Talks between Opec and Russia over whether to cut oil production in response to the coronavirus outbreak collapsed without a deal on Friday, sending crude prices plunging more than 9 per cent to their lowest level in three years. Russia, which has allied with Saudi Arabia and Opec since 2016 to help prop up oil markets, rejected calls to together curtail almost 4 percent of global crude production with new output cuts, as a sharp drop in aviation and transport demand has sent prices down by a third since January to near $45 a barrel.
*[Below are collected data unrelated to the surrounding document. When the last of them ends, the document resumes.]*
lemma Bernstein_total_variation_ge:
  fixes m :: nat and p q :: real
  assumes "0 < m" "0 \<le> p" "p \<le> 1" "0 \<le> q" "q \<le> 1"
  defines "x \<equiv> real m * \<bar>p - q\<bar>"
    and "M \<equiv> max 1 (max (real m * \<bar>p - q\<bar>) (sqrt (real m * (p * (1 - p)))))"
    and "D \<equiv> (\<Sum>k\<le>m. \<bar>Bernstein m k p - Bernstein m k q\<bar>)"
  shows "x \<le> 12 * M * D"
proof -
  define A where "A = real m * (p * (1 - p))"
  obtain n where m: "m = Suc n"
    using \<open>0 < m\<close> gr0_implies_Suc by blast
  have "D \<ge> 0" "A \<ge> 0" "x \<ge> 0"
    using assms unfolding D_def A_def x_def by (simp_all add: sum_nonneg)
  have bound: "x \<le> 2 * (x + 2 * sqrt (2 * (A + x)) + 1) * D"
  proof (cases p q rule: linorder_cases)
    case less
    then show ?thesis
      using Bernstein_total_variation_lower_bound[of p q p n] assms unfolding x_def A_def D_def m by simp
  next
    case equal
    then show ?thesis
      using \<open>D \<ge> 0\<close> \<open>A \<ge> 0\<close> unfolding x_def by simp
  next
    case greater
    moreover have "D = (\<Sum>k\<le>m. \<bar>Bernstein m k q - Bernstein m k p\<bar>)"
      unfolding D_def by (simp add: abs_minus_commute)
    ultimately show ?thesis
      using Bernstein_total_variation_lower_bound[of q p p n] assms unfolding x_def A_def m by simp
  qed
  have "M \<ge> 1" "x \<le> M" "sqrt A \<le> M"
    unfolding M_def A_def x_def by auto
  have "A \<le> M\<^sup>2"
    using \<open>A \<ge> 0\<close> \<open>sqrt A \<le> M\<close> by (metis real_sqrt_ge_zero real_sqrt_pow2 power_mono)
  have "M * 1 \<le> M * M"
    using \<open>M \<ge> 1\<close> by (intro mult_left_mono) auto
  then have "x \<le> M\<^sup>2"
    using \<open>x \<le> M\<close> by (simp add: power2_eq_square)
  then have "sqrt (2 * (A + x)) \<le> 2 * M"
    using \<open>A \<le> M\<^sup>2\<close> \<open>M \<ge> 1\<close> by (intro real_le_lsqrt) (auto simp: power2_eq_square)
  then have "2 * (x + 2 * sqrt (2 * (A + x)) + 1) \<le> 12 * M"
    using \<open>x \<le> M\<close> \<open>M \<ge> 1\<close> by (simp add: algebra_simps)
  with bound \<open>D \<ge> 0\<close> show ?thesis
    by (meson mult_right_mono order.trans)
qed
lemma quadratic_form_max_stationary:
  fixes A :: "real^'n^'n"
  assumes sym: "transpose A = A" and W: "subspace W" "v \<in> W" "v \<bullet> v = 1"
    and max: "\<forall>x\<in>W. x \<bullet> (A *v x) \<le> (v \<bullet> (A *v v)) * (x \<bullet> x)"
    and w: "w \<in> W"
  shows "w \<bullet> (A *v v - (v \<bullet> (A *v v)) *\<^sub>R v) = 0"
proof -
  define M where "M = v \<bullet> (A *v v)"
  have "w \<bullet> (A *v v) - M * (w \<bullet> v) = 0"
  proof (rule quadratic_nonpos_linear_coeff_zero[where c = "w \<bullet> (A *v w) - M * (w \<bullet> w)"])
    fix t :: real
    have "v + t *\<^sub>R w \<in> W" using W w by (simp add: subspace_add subspace_scale)
    then have "(v + t *\<^sub>R w) \<bullet> (A *v (v + t *\<^sub>R w)) \<le> M * ((v + t *\<^sub>R w) \<bullet> (v + t *\<^sub>R w))"
      using max unfolding M_def by blast
    moreover have "v \<bullet> (A *v w) = w \<bullet> (A *v v)"
      using inner_matrix_vector[of v A w] sym by (simp add: inner_commute)
    ultimately show "2 * (w \<bullet> (A *v v) - M * (w \<bullet> v)) * t + (w \<bullet> (A *v w) - M * (w \<bullet> w)) * t^2 \<le> 0"
      using W(3) unfolding M_def
      by (simp add: matrix_vector_right_distrib matrix_vector_mult_scaleR inner_add_left
          inner_add_right inner_commute[of v w] power2_eq_square algebra_simps)
  qed
  then show ?thesis by (simp add: M_def inner_diff_right)
qed

lemma eigenvector_orthogonal_to:
  fixes A :: "real^'n^'n" and B :: "(real^'n) set"
  assumes sym: "transpose A = A"
    and eigB: "\<forall>u\<in>B. \<exists>\<mu>. A *v u = \<mu> *\<^sub>R u"
    and ne: "\<exists>x. x \<noteq> 0 \<and> (\<forall>u\<in>B. u \<bullet> x = 0)"
  shows "\<exists>v \<mu>. v \<bullet> v = 1 \<and> (\<forall>u\<in>B. u \<bullet> v = 0) \<and> A *v v = \<mu> *\<^sub>R v"
proof -
  define W where "W = {x. \<forall>u\<in>B. u \<bullet> x = 0}"
  have W: "subspace W" unfolding W_def subspace_def by (simp add: inner_add_right)
  moreover have "W \<noteq> {0}" using ne unfolding W_def by blast
  ultimately obtain v where v: "v \<in> W" "v \<bullet> v = 1"
    and max: "\<forall>x\<in>W. x \<bullet> (A *v x) \<le> (v \<bullet> (A *v v)) * (x \<bullet> x)"
    using quadratic_form_max_on_subspace by blast
  define z where "z = A *v v - (v \<bullet> (A *v v)) *\<^sub>R v"
  have "z \<in> W"
    unfolding W_def
  proof (intro CollectI ballI)
    fix u assume u: "u \<in> B"
    then obtain \<mu> where Au: "A *v u = \<mu> *\<^sub>R u" using eigB by blast
    have "u \<bullet> (A *v v) = \<mu> * (u \<bullet> v)"
      using inner_matrix_vector[of u A v] sym by (simp add: Au)
    then show "u \<bullet> z = 0" using v(1) u by (simp add: W_def z_def inner_diff_right)
  qed
  then have "z \<bullet> z = 0"
    using quadratic_form_max_stationary[OF sym W v max] unfolding z_def by blast
  then have "A *v v = (v \<bullet> (A *v v)) *\<^sub>R v" by (simp add: z_def)
  then show ?thesis using v unfolding W_def by blast
qed

lemma nonzero_orthogonal_vector:
  fixes S :: "(real^'n) set"
  assumes "finite S" "card S < CARD('n)"
  shows "\<exists>x. x \<noteq> 0 \<and> (\<forall>u\<in>S. u \<bullet> x = 0)"
proof -
  have "dim S < DIM(real^'n)" using dim_le_card[OF span_superset assms(1)] assms(2) by simp
  then obtain x :: "real^'n" where "x \<noteq> 0" "\<And>y. y \<in> span S \<Longrightarrow> orthogonal x y"
    using orthogonal_to_subspace_exists by blast
  then show ?thesis by (metis orthogonal_def inner_commute span_base)
qed

lemma spectral3:
  fixes A :: mat3
  assumes sym: "transpose A = A"
  shows "\<exists>v::3\<Rightarrow>real^3. \<exists>\<mu>::3\<Rightarrow>real.
           (\<forall>k l. v k \<bullet> v l = (if k = l then 1 else 0)) \<and> (\<forall>k. A *v v k = \<mu> k *\<^sub>R v k)"
proof -
  obtain v1 m1 where v1: "v1 \<bullet> v1 = 1" "A *v v1 = m1 *\<^sub>R v1"
    using eigenvector_orthogonal_to[OF sym, of "{}"] nonzero_orthogonal_vector[of "{}"] by auto
  obtain v2 m2 where v2: "v2 \<bullet> v2 = 1" "v1 \<bullet> v2 = 0" "A *v v2 = m2 *\<^sub>R v2"
    using eigenvector_orthogonal_to[OF sym, of "{v1}"] nonzero_orthogonal_vector[of "{v1}"] v1
    by auto
  have "card {v1, v2} < CARD(3)" by (simp add: card_insert_if)
  then obtain v3 m3 where v3: "v3 \<bullet> v3 = 1" "v1 \<bullet> v3 = 0" "v2 \<bullet> v3 = 0" "A *v v3 = m3 *\<^sub>R v3"
    using eigenvector_orthogonal_to[OF sym, of "{v1,v2}"] nonzero_orthogonal_vector[of "{v1,v2}"]
      v1 v2 by auto
  define v :: "3\<Rightarrow>real^3" where "v k = (if k = 1 then v1 else if k = 2 then v2 else v3)" for k
  define \<mu> :: "3\<Rightarrow>real" where "\<mu> k = (if k = 1 then m1 else if k = 2 then m2 else m3)" for k
  have "\<forall>k l. v k \<bullet> v l = (if k = l then 1 else 0)"
    using v1 v2 v3 by (simp add: forall_3 v_def inner_commute)
  moreover have "\<forall>k. A *v v k = \<mu> k *\<^sub>R v k"
    using v1 v2 v3 by (simp add: forall_3 v_def \<mu>_def)
  ultimately show ?thesis by blast
qed

section \<open>Square roots of positive definite matrices\<close>

definition diag3 :: "(3 \<Rightarrow> real) \<Rightarrow> mat3" where
  "diag3 d = (\<chi> i j. if i = j then d i else 0)"

lemma diag3_mult: "diag3 a ** diag3 b = diag3 (\<lambda>k. a k * b k)"
  by (simp add: diag3_def matrix_matrix_mult_def vec_eq_iff sum_3 forall_3)

lemma diag3_transpose: "transpose (diag3 a) = diag3 a"
  by (simp add: diag3_def transpose_def vec_eq_iff forall_3)

lemma diag3_quadratic_form: "y \<bullet> (diag3 s *v y) = (\<Sum>k\<in>UNIV. s k * (y$k)^2)"
  by (simp add: diag3_def inner_vec_def matrix_vector_mult_def sum_3 power2_eq_square algebra_simps)

text \<open>Existence: diagonalise C orthogonally and take square roots of the (positive) eigenvalues.\<close>
lemma PSym3_sqrt_exists:
  assumes "C \<in> PSym3"
  shows "\<exists>U. U \<in> PSym3 \<and> U ** U = C"
proof -
  have sym: "transpose C = C" and pd: "PD C" using assms by (auto simp: PSym3_iff)
  obtain v :: "3\<Rightarrow>real^3" and \<mu> where on: "\<And>k l. v k \<bullet> v l = (if k = l then 1 else 0)"
      and ev: "\<And>k. C *v v k = \<mu> k *\<^sub>R v k"
    using spectral3[OF sym] by blast
  have \<mu>_pos: "\<mu> k > 0" for k
  proof -
    have "v k \<noteq> 0" using on[of k k] by auto
    then have "v k \<bullet> (C *v v k) > 0" using pd unfolding PD_def by blast
    then show ?thesis using on[of k k] by (simp add: ev)
  qed
  define Q :: mat3 where "Q = (\<chi> i k. v k $ i)"
  have QtQ: "transpose Q ** Q = mat 1"
    using on by (simp add: Q_def matrix_matrix_mult_def transpose_def vec_eq_iff mat_def inner_vec_def)
  then have QQt: "Q ** transpose Q = mat 1" by (simp add: matrix_left_right_inverse)
  have "(C *v v k) $ i = \<mu> k * v k $ i" for k i using ev[of k] by simp
  then have "C ** Q = Q ** diag3 \<mu>"
    by (simp add: Q_def diag3_def matrix_matrix_mult_def matrix_vector_mult_def vec_eq_iff
        sum_3 forall_3 mult.commute)
  then have C_eq: "C = Q ** diag3 \<mu> ** transpose Q"
    by (metis QQt matrix_mul_assoc matrix_mul_rid)
  define s where "s k = sqrt (\<mu> k)" for k
  have s_pos: "s k > 0" for k using \<mu>_pos by (simp add: s_def)
  define U where "U = Q ** diag3 s ** transpose Q"
  have "U ** U = Q ** diag3 s ** (transpose Q ** Q) ** diag3 s ** transpose Q"
    by (simp add: U_def matrix_mul_assoc)
  also have "\<dots> = Q ** diag3 (\<lambda>k. s k * s k) ** transpose Q"
    by (simp add: QtQ diag3_mult[symmetric] matrix_mul_assoc)
  also have "(\<lambda>k. s k * s k) = \<mu>" using \<mu>_pos by (simp add: s_def fun_eq_iff less_imp_le)
  finally have UU: "U ** U = C" using C_eq by simp
  have Ut: "transpose U = U"
    by (simp add: U_def matrix_transpose_mul diag3_transpose matrix_mul_assoc)
  have "PD U" unfolding PD_def
  proof (intro allI impI)
    fix x :: "real^3" assume x: "x \<noteq> 0"
    define y where "y = transpose Q *v x"
    have "Q *v y = x" using QQt by (metis matrix_vector_mul_assoc matrix_vector_mul_lid y_def)
    then have "y \<noteq> 0" using x by auto
    then obtain k where k: "y $ k \<noteq> 0" by (auto simp: vec_eq_iff)
    have "x \<bullet> (U *v x) = x \<bullet> (Q *v (diag3 s *v y))"
      unfolding U_def y_def by (simp only: matrix_vector_mul_assoc matrix_mul_assoc)
    also have "\<dots> = y \<bullet> (diag3 s *v y)" unfolding y_def by (rule inner_matrix_vector)
    also have "\<dots> = (\<Sum>k\<in>UNIV. s k * (y$k)^2)" by (rule diag3_quadratic_form)
    also have "\<dots> > 0"
      using k s_pos by (intro sum_pos2[where i = k]) (simp_all add: less_imp_le)
    finally show "x \<bullet> (U *v x) > 0" .
  qed
  then show ?thesis using UU Ut by (auto simp: PSym3_iff)
qed

text \<open>The trace of the congruence transform of a positive definite matrix is a sum of values of
  its quadratic form, so it is nonnegative and vanishes only for the zero transformation.\<close>
lemma trace_congruence_column_sum:
  "trace (transpose D ** M ** D) = (\<Sum>k\<in>UNIV. column k D \<bullet> (M *v column k (D::real^'n^'n)))"
  unfolding trace_def matrix_matrix_mult_def transpose_def column_def inner_vec_def
    matrix_vector_mult_def
  by (simp add: sum_distrib_left sum_distrib_right mult_ac)
    (rule sum.cong[OF refl], subst sum.swap, simp add: mult_ac)

lemma trace_congruence_PD:
  fixes D M :: "real^'n^'n"
  assumes "PD M"
  shows "trace (transpose D ** M ** D) \<ge> 0"
    and "trace (transpose D ** M ** D) = 0 \<Longrightarrow> D = 0"
proof -
  have nonneg: "column k D \<bullet> (M *v column k D) \<ge> 0" for k
    using assms unfolding PD_def by (cases "column k D = 0") (auto intro: less_imp_le)
  then show "trace (transpose D ** M ** D) \<ge> 0"
    unfolding trace_congruence_column_sum by (simp add: sum_nonneg)
  assume "trace (transpose D ** M ** D) = 0"
  then have "column k D \<bullet> (M *v column k D) = 0" for k
    unfolding trace_congruence_column_sum using nonneg by (simp add: sum_nonneg_eq_0_iff)
  then have "column k D = 0" for k using assms unfolding PD_def by (metis less_irrefl)
  then show "D = 0" by (simp add: vec_eq_iff column_def)
qed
The failure to reach an agreement raises the prospect that some of the world’s largest oil producers will open the taps just as global oil demand is falling, hurting energy companies like BP and ExxonMobil and squeezing the budgets of oil-dependent economies from Texas to Brunei. It will also undermine the alliance between Saudi Arabia and Russia, which had boosted Moscow’s influence in the Middle East,
“Opec and Russia are staring into the abyss,” said Helima Croft at RBC Capital Markets. “It could spell the end of the Russia-Saudi alliance, but it is not clear what Moscow gains from deciding to burn down the house.” The target for Russia and other producers could be the US shale sector, which for a decade has grown so rapidly as to absorb the majority of global oil demand growth, leaving Opec and other large producers with a shrinking share of the market.
Russian energy minister Alexander Novak said there were no production restraints on members of the so-called Opec+ group once its existing output deal expires at the end of this month. But neither Opec members or Russia are immune to lower prices, and the last attempt to squeeze rivals by raising output in 2014 ended largely in failure two years later.